The U.S. has expanded restrictions on semiconductor exports to China. Maria Belyaeva, an expert at the BRICS Antitrust Centre, explains what the new restrictions concern and marks the beginning of a new phase of confrontation between the countries. 

New measures limiting exports to China of high-tech products and equipment for their production, recently adopted by the U.S., became one of the most radical steps in the technological confrontation between the two powers. 

Restrictions on the U.S. side began under Trump, who blocked supplies for Huawei - since then, the list of undesirable counterparties has only expanded. In addition, previously the United States was only concerned about the use of chips and microchips for military purposes, but the latest measures already apply to all industries that use AI and supercomputers. 

We are witnessing an escalation of the so-called "technological cold war," and it is obvious that the United States is willing to limit Chinese capacity even to its own detriment — China is the largest market for leading American manufacturers. The confrontation is already taking on an ideological dimension: the U.S. states that the goal is to "level the playing field," while China calls the innovation a "violation of trade policy" and an increase in American "technological hegemony. Through the new measures, the U.S. is also testing the political landscape: it is calling for a halt to shipments to China of all countries exporting U.S. equipment in an attempt to form a sanctions bloc.

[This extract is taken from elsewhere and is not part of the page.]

(* Let $\mathcal G$ be a Lie superalgebra over a field of characteristic zero, let $\mathcal S$ be the space of symmetric operators on $\mathcal G$ and $[\cdot,\cdot]$ the extended bracket described below, and let $1$ denote the identity map of $\mathcal G$. If $A\in\mathcal S$, then for every integer $k\ge1$ the element $[A,k]=[\cdots[[A,1],1],\ldots,1]$ (with $1$ appearing $k$ times) also lies in $\mathcal S$.
   Context: Set $\mathcal U_1=\mathcal G$ with its $\mathbb Z_2$-grading. For $p\ge1$ define recursively $\mathcal U_{-p+1}=\mathrm{Hom}(\mathcal U_1,\mathcal U_{-p+2})$, $\mathbb Z_2$-graded by declaring $A$ even (resp. odd) if it preserves (resp. reverses) parity; $|u|$ is the parity of a homogeneous element. Elements of $\mathcal U_{1-p}$ are operators of order $p$ (elements of $\mathcal G$ have order $0$), identified for $p\ge1$ with $p$-linear maps $A(x_1,\dots,x_p)=A(x_1)\cdots(x_p)$; $\mathcal U_{1-}=\bigoplus_{p\ge0}\mathcal U_{1-p}$. The identity map $1$ is an even operator of order $1$. An operator of order $p\ge2$ is symmetric if $A(\dots,x_i,x_{i+1},\dots)=(-1)^{|x_i||x_{i+1}|}A(\dots,x_{i+1},x_i,\dots)$ for all homogeneous arguments and all $i$; operators of order $0$ or $1$ are symmetric; $\mathcal S$ is the span of symmetric operators. Define $\circ$: $A\circ y=A(y)$, $y\circ A=0$ for $A$ of order $\ge1$, $y\in\mathcal U_1$; for $A,B$ of orders $\ge1$, recursively $(A\circ B)(x)=A\circ B(x)+(-1)^{|B||x|}A(x)\circ B$. Define $\bullet$: $A_p\bullet B_q=\frac{p!q!}{(p+q-1)!}A_p\circ B_q$ for orders $p,q\ge1$; $A_p\bullet x=pA_p(x)$, $x\bullet A_p=0$, $x\bullet y=0$ for $x,y\in\mathcal U_1$. The bracket of $\mathcal G$ extends to $\mathcal U_{1-}$: on $\mathcal G$ it is the given bracket, and for operators $A,B$ of orders $p,q$ with $p+q\ge1$, $[A,B]$ is the operator of order $p+q$ defined recursively by $[A,B]\bullet x=[A,B\bullet x]+(-1)^{|x||B|}[A\bullet x,B]$ for all $x\in\mathcal G$. *)

theory Defs
  imports Main "HOL.Vector_Spaces"
begin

Particularly interesting is that the restrictions affect not only goods, but also human capacity: companies supplying U.S. equipment must prohibit their U.S. citizen employees from providing service to Chinese customers — reportedly under threat of revocation of citizenship. The measures, however, are not uncompromising and involve obtaining licenses to export to China. The Taiwanese company TSMC (more than 50% of the global market), as well as South Korean manufacturers Samsung and SK Hynix, for example, have already received one-year permits.

Although the impact on Chinese production will be significant, the U.S. move only further exposes the problem of supply chain vulnerabilities. On Oct. 16, speaking at the opening of the 20th Congress of the Chinese Communist Party, General Secretary Xi Jinping, who had previously stressed the importance of developing our own technology, included in the national goals until 2035 the goal of "joining the ranks of the world's most innovative countries with strong sovereignty and strength in the science and technology field." 

So the restriction, designed to "set China back decades in development," will undoubtedly encourage the country to be more active in the development of its own production and accelerate the achievement of its technological independence.